Saúl Manzano, former SEK International School El Castillo student and current Botany professor at the Faculty of Biological and Environmental Sciences of the University of León, has joined the Atapuerca research project together with his partner Laura Rodríguez, from the department of Physical Anthropology. Both will work on the subproject directed by Juan Luis Arsuaga and José Miguel Carretero.

This project researches and analyses the deposits of the Sierra de Atapuerca, in the province of Burgos, the most important in Europe, since they were the cradle of the first inhabitants of the continent one and a half million years ago. What makes Atapuerca a unique place in the world is that the remains of five different hominid species have been found : Homo sp. (yet to be described), Homo antecessor, preneanderthals, Neanderthals and Homo sapiens.

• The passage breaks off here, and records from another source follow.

lemma has_sum_prod_list_deriv_lists:
  assumes "s < 1"
  shows "(prod_list_deriv f f' has_sum s' / (1 - s)^2) (lists A)"
proof (rule has_sum_lists[OF has_sum_prod_list_deriv_lists_of_length])
  have "0 \<le> s"
    using f f_nonneg by (rule has_sum_nonneg)
  then show "((\<lambda>n. real n * s' * s ^ (n - 1)) has_sum s' / (1 - s)^2) UNIV"
    using has_sum_cmult_right[OF has_sum_geometric_deriv, of s s'] assms by (simp add: algebra_simps)
qed (auto intro: prod_list_deriv_nonneg f_nonneg f'_nonneg)

end

subsection \<open>Level generating functions of planar trees\<close>

lemma tree_height_Node_le_Suc:
  "tree_height (Node ts) \<le> Suc h \<longleftrightarrow> (\<forall>t\<in>set ts. tree_height t \<le> h)"
  by (cases "ts = []") auto

lemma trees_height_le_0: "{t. tree_height t \<le> 0} = {Node []}"
proof -
  have "tree_height t = 0 \<longleftrightarrow> t = Node []" for t
    by (cases t) auto
  then show ?thesis by auto
qed

lemma trees_height_le_Suc: "{t. tree_height t \<le> Suc h} = Node ` lists {t. tree_height t \<le> h}"
proof -
  have "t \<in> Node ` lists {t. tree_height t \<le> h}" if "tree_height t \<le> Suc h" for t
    using that by (cases t) (auto simp: tree_height_Node_le_Suc simp del: tree_height.simps)
  then show ?thesis by (auto simp: tree_height_Node_le_Suc)
qed

lemma level_count_le_Suc_tree_edges: "level_count t h \<le> Suc (tree_edges t)"
proof (induction t arbitrary: h)
  case (Node ts)
  show ?case
  proof (cases h)
    case (Suc h')
    have "level_count (Node ts) h = (\<Sum>t\<leftarrow>ts. level_count t h')"
      by (simp add: Suc)
    also have "\<dots> \<le> (\<Sum>t\<leftarrow>ts. Suc (tree_edges t))"
      by (rule sum_list_mono) (use Node in auto)
    finally show ?thesis by simp
  qed simp
qed

lemma level_count_eq_0_if_tree_height_less: "tree_height t < h \<Longrightarrow> level_count t h = 0"
proof (induction t arbitrary: h)
  case (Node ts)
  then obtain h' where h: "h = Suc h'"
    by (cases h) auto
  have "level_count t h' = 0" if "t \<in> set ts" for t
  proof (rule Node.IH[OF that])
    have "tree_height t \<le> Max (set (map tree_height ts))"
      using that by (intro Max_ge) auto
    then show "tree_height t < h'"
      using Node.prems h that by (auto split: if_splits)
  qed
  then show ?case by (simp add: h sum_list_eq_0_iff)
qed

text \<open>
  The terms of \<open>A\<^sub>h(C)\<close> and of its derivative with respect to \<open>C\<close>.
\<close>

definition level_weight :: "real \<Rightarrow> real \<Rightarrow> nat \<Rightarrow> ptree \<Rightarrow> real" where
  "level_weight q C h t = q ^ tree_edges t * C ^ level_count t h"

definition level_weight_deriv :: "real \<Rightarrow> real \<Rightarrow> nat \<Rightarrow> ptree \<Rightarrow> real" where
  "level_weight_deriv q C h t = q ^ tree_edges t * real (level_count t h) * C ^ (level_count t h - 1)"

lemma level_weight_nonneg: "0 \<le> q \<Longrightarrow> 0 \<le> C \<Longrightarrow> 0 \<le> level_weight q C h t"
  by (simp add: level_weight_def)

lemma level_weight_deriv_nonneg: "0 \<le> q \<Longrightarrow> 0 \<le> C \<Longrightarrow> 0 \<le> level_weight_deriv q C h t"
  by (simp add: level_weight_deriv_def)

lemma level_weight_Node:
  "level_weight q C (Suc h) (Node ts) = prod_list (map (\<lambda>t. q * level_weight q C h t) ts)"
  by (induction ts) (auto simp: level_weight_def power_add)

The team behind this project, which Manzano joins this year, began its research four decades ago. It has received the Prince of Asturias Award for Scientific and Technical Research in 1997 and has been recognized as a World Heritage Site by UNESCO in 2000.

Manzano, who is also a member of the Quaternary Palynology Laboratory of the Institute of the Environment of the ULE, will collaborate with the reconstruction of the changes in the vegetation and climate over the last 33,000 years at the site of the Portalón de Cueva Mayor. This site contains remains that go back to the last ice age, when a large part of the European continent was covered by masses of ice, and where evidence of the cultural changes that occurred between the last hunter-gatherers and the first Neolithic farmers have been found.